Untuk itulah hal itu cukup bosa di jadikan contoh bagi warga desa lainya, bahwasanya hukum itu di buat dan di jadikan tidak untuk di langgar, namun mereka untuk ayampun di kenakan hukum, , intinya mereka meyakini bahwa hukum di berlakukan demi kenyamanan bersama. tentu saja jika di anggap sepele hal itu sepele, namun jika di biarkan akan mengundang persoalan social di kampong itu, selain itu juga warga di kampong itu cukup sadar akan pembarlakuan hukum yang mereka buat, untuk pelanggaran warga atau warga luar di kampong itu yang se enaknya membawa miras dan meminumnya di wilayah itu maka ia di kenakan takzir atau denda berupa batu 6 kibik, kalau di muat dalam truk mini sekitar 2 truk, wah-wah sebegitukah besar hukumanya?apalagi mencuri, maka di kenakan tambahan 3 rit pasir atau 3 truk pasir, kalau di rupiahkan sekitar satu juta lebih, meskipun yang di curinya seekor anak ayam?ya tentu saja begitu kata kang imron yang merupakan warga di desa itu, yang menjelaskan yang namanya mencuri itu mengambil hak orang lain, entah ia hanya memetik daun singkog di kebun tetangganya untuk di makan kambingnya, yang namanya maling ya maling, la dalah `pa desa ini ingin menjadi desa sekuler?tunggu dulu, mereka tidak mengerti bahasa apa itu sekuler, tapi mereka memahami bahwa pemahaman yang mereka fahami dri ajaran islam adalah sebuah kesadaran yang tidak di paksakan, mereka dengan sadr mengaplikasikanya di kehidupan mereke demi ketentraman bersama.
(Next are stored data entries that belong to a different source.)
(* Let $1\le p<2$, $f\in\mathcal H_0$, $u$ the solution of $\partial_tu+\partial J(u)\ni0$, $u(0)=f$, with extinction time $T_{\mathrm{ex}}$, $\lambda:=1/((2-p)T_{\mathrm{ex}})$, $a(t)=(1-(2-p)\lambda t)^{\frac1{2-p}}$ and $w(t):=u(t)/a(t)$ for $0\le t<T_{\mathrm{ex}}$. Then $$(2-p)\lambda_1T_{\mathrm{ex}}\le\|w(t)\|^{2-p}\le(2-p)T_{\mathrm{ex}}\Lambda(t),\qquad t\ge0,$$ and in particular $t\mapsto w(t)$ is bounded.
   Context: $\mathcal H$ is a real Hilbert space with inner product $\langle\cdot,\cdot\rangle$ and norm $\|\cdot\|$. $J:\mathcal H\to\mathbb R\cup\{\infty\}$ is convex, lower semicontinuous, proper, with dense effective domain, and absolutely $p$-homogeneous: $J(cu)=|c|^pJ(u)$ for $c\ne0$, $J(0)=0$. Standing coercivity assumption: $\lambda_1:=\inf_{u\in\mathcal H_0}pJ(u)/\|u\|^p>0$. $\partial J(u)=\{\zeta: J(u)+\langle\zeta,v-u\rangle\le J(v)\ \forall v\}$; $\mathcal N(J)=\{u:J(u)=0\}$; $\mathcal H_0:=\mathcal N(J)^\perp\setminus\{0\}$. The gradient flow solution (Brezis) is the unique continuous $u:[0,\infty)\to\mathcal H$, Lipschitz on $[\delta,\infty)$ for all $\delta>0$, right-differentiable on $(0,\infty)$ with $u(0)=f$ and $\partial_t^+u(t)=-\zeta(t)$, $\zeta(t)$ the minimal-norm element of $\partial J(u(t))$. $T_{\mathrm{ex}}:=\inf\{T>0:u(t)=0\ \forall t\ge T\}$ (finite for $p<2$). $\Lambda(t):=pJ(u(t))/\|u(t)\|^p$ for $0\le t<T_{\mathrm{ex}}$ (possibly $+\infty$ at $t=0$). *)

theory Defs
  imports "HOL-Analysis.Analysis" "HOL-Library.Extended_Real"
begin

text \<open>Real Hilbert space: type class real_inner together with complete_space.
  Functionals J take values in the extended reals (ereal); the value -\<infinity> is
  excluded by properness.\<close>

definition convex_fun :: "('a::real_vector \<Rightarrow> ereal) \<Rightarrow> bool" where
  "convex_fun J \<longleftrightarrow> (\<forall>x y \<theta>. 0 < \<theta> \<and> \<theta> < 1 \<longrightarrow>
      J ((1 - \<theta>) *\<^sub>R x + \<theta> *\<^sub>R y) \<le> ereal (1 - \<theta>) * J x + ereal \<theta> * J y)"

definition lsc_fun :: "('a::topological_space \<Rightarrow> ereal) \<Rightarrow> bool" where
  "lsc_fun J \<longleftrightarrow> (\<forall>c::real. closed {x. J x \<le> ereal c})"

definition proper_fun :: "('a \<Rightarrow> ereal) \<Rightarrow> bool" where
  "proper_fun J \<longleftrightarrow> (\<forall>x. J x \<noteq> -\<infinity>) \<and> (\<exists>x. J x \<noteq> \<infinity>)"

definition dense_domain :: "('a::topological_space \<Rightarrow> ereal) \<Rightarrow> bool" where
  "dense_domain J \<longleftrightarrow> closure {x. J x < \<infinity>} = UNIV"

definition abs_homogeneous :: "real \<Rightarrow> ('a::real_vector \<Rightarrow> ereal) \<Rightarrow> bool" where
  "abs_homogeneous p J \<longleftrightarrow> J 0 = 0 \<and>
     (\<forall>c u. c \<noteq> 0 \<longrightarrow> J (c *\<^sub>R u) = ereal (\<bar>c\<bar> powr p) * J u)"

definition null_set :: "('a \<Rightarrow> ereal) \<Rightarrow> 'a set" where
  "null_set J = {u. J u = 0}"

definition H0 :: "('a::real_inner \<Rightarrow> ereal) \<Rightarrow> 'a set" where
  "H0 J = {u. \<forall>v \<in> null_set J. inner u v = 0} - {0}"

definition lambda1 :: "real \<Rightarrow> ('a::real_inner \<Rightarrow> ereal) \<Rightarrow> ereal" where
  "lambda1 p J = (INF u \<in> H0 J. ereal p * J u / ereal (norm u powr p))"

definition subdiff :: "('a::real_inner \<Rightarrow> ereal) \<Rightarrow> 'a \<Rightarrow> 'a set" where
  "subdiff J u = {\<zeta>. \<forall>v. J u + ereal (inner \<zeta> (v - u)) \<le> J v}"

definition min_norm_subgrad :: "('a::real_inner \<Rightarrow> ereal) \<Rightarrow> 'a \<Rightarrow> 'a \<Rightarrow> bool" where
  "min_norm_subgrad J u \<zeta> \<longleftrightarrow> \<zeta> \<in> subdiff J u \<and> (\<forall>\<eta> \<in> subdiff J u. norm \<zeta> \<le> norm \<eta>)"

definition gradient_flow :: "('a::real_inner \<Rightarrow> ereal) \<Rightarrow> 'a \<Rightarrow> (real \<Rightarrow> 'a) \<Rightarrow> bool" where
  "gradient_flow J f u \<longleftrightarrow>
     continuous_on {0..} u \<and>
     (\<forall>\<delta>>0. \<exists>L. L-lipschitz_on {\<delta>..} u) \<and>
     u 0 = f \<and>
     (\<forall>t>0. \<exists>\<zeta>. min_norm_subgrad J (u t) \<zeta> \<and>
                (u has_vector_derivative - \<zeta>) (at t within {t..}))"

definition extinction_time :: "(real \<Rightarrow> 'a::zero) \<Rightarrow> real" where
  "extinction_time u = Inf {T. T > 0 \<and> (\<forall>t\<ge>T. u t = 0)}"

definition Rayleigh :: "real \<Rightarrow> ('a::real_normed_vector \<Rightarrow> ereal) \<Rightarrow> (real \<Rightarrow> 'a) \<Rightarrow> real \<Rightarrow> ereal" where
  "Rayleigh p J u t = ereal p * J (u t) / ereal (norm (u t) powr p)"

end

theory Submission
  imports Defs
begin

text \<open>Along the flow the right derivative of |u|^2 is -2 <zeta, u> = -2 p J(u) by Euler's
  identity, so phi = |u|^(2-p) has right derivative -(2 - p) Lambda, Lambda being the
  Rayleigh quotient. As u stays in H_0, Lambda is at least lambda_1; this forces extinction
  at a finite time T_ex, and integrating from t to T_ex gives phi t >= (2 - p) lambda_1 (T_ex - t).
  Conversely, the right derivative of J(u) is -|zeta|^2, which together with the
  Cauchy-Schwarz inequality <zeta, u>^2 <= |zeta|^2 |u|^2 makes Lambda non-increasing, whence
  phi t <= (2 - p) (T_ex - t) Lambda t. Since a(t)^(2-p) = 1 - t / T_ex, dividing by it gives
  both bounds for w. Throughout, one-sided derivatives suffice because a continuous function
  with non-positive right derivative is non-increasing. The delicate step is the derivative
  of J(u), which needs right continuity of the minimal section zeta; weak compactness is
  replaced by approximate subdifferentials and completeness.\<close>

section \<open>Monotonicity from right derivatives\<close>

lemma real_induction:
  fixes c b :: real
  assumes "c \<le> b" and base: "P c"
    and left: "\<And>x. c < x \<Longrightarrow> x \<le> b \<Longrightarrow> (\<And>y. c \<le> y \<Longrightarrow> y < x \<Longrightarrow> P y) \<Longrightarrow> P x"
    and right: "\<And>x. c \<le> x \<Longrightarrow> x < b \<Longrightarrow> (\<And>y. c \<le> y \<Longrightarrow> y \<le> x \<Longrightarrow> P y) \<Longrightarrow>
      \<exists>x'>x. \<forall>y. x < y \<and> y < x' \<longrightarrow> P y"
  shows "P b"
proof -
  define S where "S = {x \<in> {c..b}. \<forall>y\<in>{c..x}. P y}"
  define s where "s = Sup S"
  have "c \<in> S" using \<open>c \<le> b\<close> base by (auto simp: S_def)
  have bdd: "bdd_above S" unfolding S_def by (rule bdd_aboveI[of _ b]) auto
  have "c \<le> s" unfolding s_def using \<open>c \<in> S\<close> bdd by (rule cSup_upper)
  have "s \<le> b" unfolding s_def using \<open>c \<in> S\<close> by (intro cSup_least) (auto simp: S_def)
  have below: "P y" if "c \<le> y" "y < s" for y
  proof -
    obtain x where "x \<in> S" "y < x" using less_cSupD[of S y] \<open>c \<in> S\<close> \<open>y < s\<close> unfolding s_def by blast
    then show ?thesis using \<open>c \<le> y\<close> by (auto simp: S_def)
  qed
  have "P s" using left[of s] below base \<open>c \<le> s\<close> \<open>s \<le> b\<close> by (cases "c = s") auto
  then have upto_s: "P y" if "c \<le> y" "y \<le> s" for y using below that by (cases "y = s") auto
  show ?thesis
  proof (rule ccontr)
    assume "\<not> P b"
    with \<open>P s\<close> \<open>s \<le> b\<close> have "s < b" by (cases "s = b") auto
    then obtain x' where "x' > s" and beyond: "\<And>y. s < y \<Longrightarrow> y < x' \<Longrightarrow> P y"
      using right[OF \<open>c \<le> s\<close> _ upto_s] by blast
    define x where "x = min b ((s + x') / 2)"
    have "s < x" "x \<le> b" "x < x'" using \<open>s < b\<close> \<open>x' > s\<close> by (auto simp: x_def min_def)
    then have "x \<in> S" using upto_s beyond \<open>c \<le> s\<close> by (force simp: S_def)
    then have "x \<le> s" unfolding s_def using bdd by (rule cSup_upper)
    then show False using \<open>s < x\<close> by simp
  qed
qed

lemma right_DERIV_less_imp_increment_le:
  fixes f :: "real \<Rightarrow> real"
  assumes "c \<le> b" and cont: "continuous_on {c..b} f"
    and der: "\<And>x. c \<le> x \<Longrightarrow> x < b \<Longrightarrow> (f has_real_derivative f' x) (at_right x)"
    and less: "\<And>x. c \<le> x \<Longrightarrow> x < b \<Longrightarrow> f' x < e"
  shows "f b \<le> f c + e * (b - c)"
proof (rule real_induction[OF \<open>c \<le> b\<close>])
  fix x assume "c < x" "x \<le> b" and below: "\<And>y. c \<le> y \<Longrightarrow> y < x \<Longrightarrow> f y \<le> f c + e * (y - c)"
  have "(f \<longlongrightarrow> f x) (at x within {c..x})"
    using continuous_on_subset[OF cont, of "{c..x}"] \<open>c < x\<close> \<open>x \<le> b\<close>
    by (simp add: continuous_on_def)
  then have "(f \<longlongrightarrow> f x) (at_left x)" using at_within_Icc_at_left[OF \<open>c < x\<close>] by simp
  moreover have "eventually (\<lambda>y. f y \<le> f c + e * (y - c)) (at_left x)"
    using eventually_at_left_real[OF \<open>c < x\<close>] by (rule eventually_mono) (auto intro: below)
  moreover have "((\<lambda>y. f c + e * (y - c)) \<longlongrightarrow> f c + e * (x - c)) (at_left x)"
    by (intro tendsto_intros)
  ultimately show "f x \<le> f c + e * (x - c)" by (intro tendsto_le[OF trivial_limit_at_left_real])
next
  fix x assume "c \<le> x" "x < b" and upto: "\<And>y. c \<le> y \<Longrightarrow> y \<le> x \<Longrightarrow> f y \<le> f c + e * (y - c)"
  have "((\<lambda>y. (f y - f x) / (y - x)) \<longlongrightarrow> f' x) (at_right x)"
    using der[OF \<open>c \<le> x\<close> \<open>x < b\<close>] by (simp add: has_field_derivative_iff)
  then have "eventually (\<lambda>y. (f y - f x) / (y - x) < e) (at_right x)"
    by (rule order_tendstoD) (rule less[OF \<open>c \<le> x\<close> \<open>x < b\<close>])
  then obtain x' where "x' > x" and slope: "\<And>y. x < y \<Longrightarrow> y < x' \<Longrightarrow> (f y - f x) / (y - x) < e"
    unfolding eventually_at_right_field by blast
  have "f y \<le> f c + e * (y - c)" if "x < y" "y < x'" for y
    using slope[OF that] upto[OF \<open>c \<le> x\<close> order_refl] that
    by (simp add: divide_less_eq algebra_simps)
  then show "\<exists>x'>x. \<forall>y. x < y \<and> y < x' \<longrightarrow> f y \<le> f c + e * (y - c)"
    using \<open>x' > x\<close> by blast
qed simp

lemma right_DERIV_nonpos_imp_nonincreasing:
  fixes f :: "real \<Rightarrow> real"
  assumes ab: "a \<le> b" and cont: "continuous_on {a..b} f"
    and der: "\<And>x. a < x \<Longrightarrow> x < b \<Longrightarrow> (f has_real_derivative f' x) (at_right x)"
    and nonpos: "\<And>x. a < x \<Longrightarrow> x < b \<Longrightarrow> f' x \<le> 0"
  shows "f b \<le> f a"
proof (cases "a = b")
  case False
  with ab have "a < b" by simp
  have linear_slack: "f b \<le> f a + e * (b - a)" if "e > 0" for e
  proof -
    have near_a: "f b \<le> f c + e * (b - c)" if "a < c" "c < b" for c
    proof (rule right_DERIV_less_imp_increment_le[where f' = f'])
      show "continuous_on {c..b} f" using cont by (rule continuous_on_subset) (use that in auto)
      fix x assume "c \<le> x" "x < b"
      then show "(f has_real_derivative f' x) (at_right x)" "f' x < e"
        using der nonpos[of x] that \<open>e > 0\<close> by auto
    qed (use that in simp)
    have "eventually (\<lambda>c. f b \<le> f c + e * (b - c)) (at_right a)"
      using eventually_at_right_real[OF \<open>a < b\<close>] by (rule eventually_mono) (auto intro: near_a)
    moreover have "(f \<longlongrightarrow> f a) (at_right a)"
      using cont \<open>a < b\<close> by (simp add: continuous_on_def at_within_Icc_at_right[symmetric])
    then have "((\<lambda>c. f c + e * (b - c)) \<longlongrightarrow> f a + e * (b - a)) (at_right a)"
      by (intro tendsto_intros)
    ultimately show ?thesis
      by (intro tendsto_le[OF trivial_limit_at_right_real _ tendsto_const])
  qed
  show ?thesis
  proof (rule field_le_epsilon)
    fix e :: real assume "e > 0"
    then show "f b \<le> f a + e" using linear_slack[of "e / (b - a)"] \<open>a < b\<close> by simp
  qed
qed simp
Kesadaran masyarakat akan sebuah kedamaian akan cukup sederhana dan mudah di praktekan dalam kehidupanya bermasyarakat saat semua komponen dari dinamika social di dalamnya di fahami secara utuh sebagai tanggung jawab bersama sehingga dinamoka problem social di dalamnya akan terjawab oleh sebiuah gagasan yang di lahirkan dari yang namanya di sonngo bareng – bareng alias gotong royong, pemaknaan gotong royong ini tidak sekedar membangun bangunan fisik infrastruktur desa, namun membangun juga infrastruktur kesalehan social di dalamnya , yaitu dengan memberikan pemahaman bahwa ketrentaman dan nama baik desa ini adalah milik bersama dan harus di jaga secara keseluruhan dengan membangun jepribadian dalam setiap individual untuk sadar akan semuanya itu.
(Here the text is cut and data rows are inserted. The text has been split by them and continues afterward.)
(* Let $\mathsf E$ be a closed subset of $\mathbb R$ whose gaps satisfy the three Craig-type conditions (with some $\delta>0$). Consider the space of sequences $y=(y_j)$, $y_j\in\mathbb R/\pi\mathbb Z$, with $\mu_j=a_j+\gamma_j\sin^2y_j$, equipped with the metric $\|y-\widetilde y\|=\sup_j\gamma_j^{1/2}|y_j-\widetilde y_j|$, and define vector fields $\Psi,\Xi$ by $$\Psi_j(y)=\Big(\tfrac12Q_1(y)+\mu_j\Big)W_j(y),\quad \Xi_j(y)=\Big(\tfrac{Q_2(y)}4+\tfrac18Q_1(y)^2-\tfrac12\mu_jQ_1(y)+\mu_j^2\Big)W_j(y),$$ with $Q_1=\sum_k(a_k+b_k-2\mu_k)$, $Q_2=\sum_k(a_k^2+b_k^2-2\mu_k^2)$, $W_j=\prod_{k\ne j}\sqrt{\frac{(a_k-\mu_j)(b_k-\mu_j)}{(\mu_k-\mu_j)^2}}$. Then $\Psi$ and $\Xi$ are Lipschitz: there is $L<\infty$ with $\sup_j\gamma_j^{1/2}|\Psi_j(y)-\Psi_j(\widetilde y)|\le L\|y-\widetilde y\|$ and likewise for $\Xi$.
   Context: Gaps $G_j=(a_j,b_j)$ of $\mathsf E$, indexed by a countable set with a distinguished reference gap $G_0$; $\gamma_j=|G_j|$, $\eta_{jk}=\operatorname{dist}(G_j,G_k)$, $C_j=\sup_{z\in G_j}\big(\prod_{G_k<G_j}\frac{a_k-z}{b_k-z}\prod_{G_j<G_k}\frac{b_k-z}{a_k-z}\big)^{1/2}$ ($G_k<G_j$: $G_k$ lies left of $G_j$). Craig-type conditions: $\sum_k(1+\eta_{k0})C_k\gamma_k^{1/2}<\infty$; $\sup_j\sum_{k\neq j}C_j^3C_k^2(1+\eta_{0j}^2)\gamma_j^{1/2}\gamma_k^{1/2}/\eta_{jk}<\infty$; $\sup_j\sup_{k\ne j}\gamma_j^{1/2}\gamma_k^{1/2}/(\gamma_j^\delta\eta_{jk})<\infty$. $|\cdot|$ on $\mathbb R/\pi\mathbb Z$ is distance to $0$. *)

theory Defs
  imports "HOL-Analysis.Analysis"
begin

text \<open>Gaps G_j = (a j, b j), j in an index set J (a subset of nat, hence countable),
  reference gap G_0 with index 0.\<close>

definition gam :: "(nat \<Rightarrow> real) \<Rightarrow> (nat \<Rightarrow> real) \<Rightarrow> nat \<Rightarrow> real" where
  "gam a b j = b j - a j"

definition eta :: "(nat \<Rightarrow> real) \<Rightarrow> (nat \<Rightarrow> real) \<Rightarrow> nat \<Rightarrow> nat \<Rightarrow> real" where
  "eta a b j k = setdist {a j<..<b j} {a k<..<b k}"

definition Cfac :: "(nat \<Rightarrow> real) \<Rightarrow> (nat \<Rightarrow> real) \<Rightarrow> nat \<Rightarrow> nat \<Rightarrow> real \<Rightarrow> real" where
  "Cfac a b j k z = (if b k \<le> a j then (a k - z) / (b k - z) else (b k - z) / (a k - z))"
Kesalehan social dalam masyarakat akan terbentuk secara alami oleh yang namanya sebuah kebudayaan adat istiadat di dalamnya , ketika kebudayaan dalam desa tersebut menampilkan senyum–senyum dan keramahan maka sudah barang tentu masyarakat desa tersebut terwarisi kebudayaan yang ramah, ramah terhadap seluruh objeck yang di hadapinya.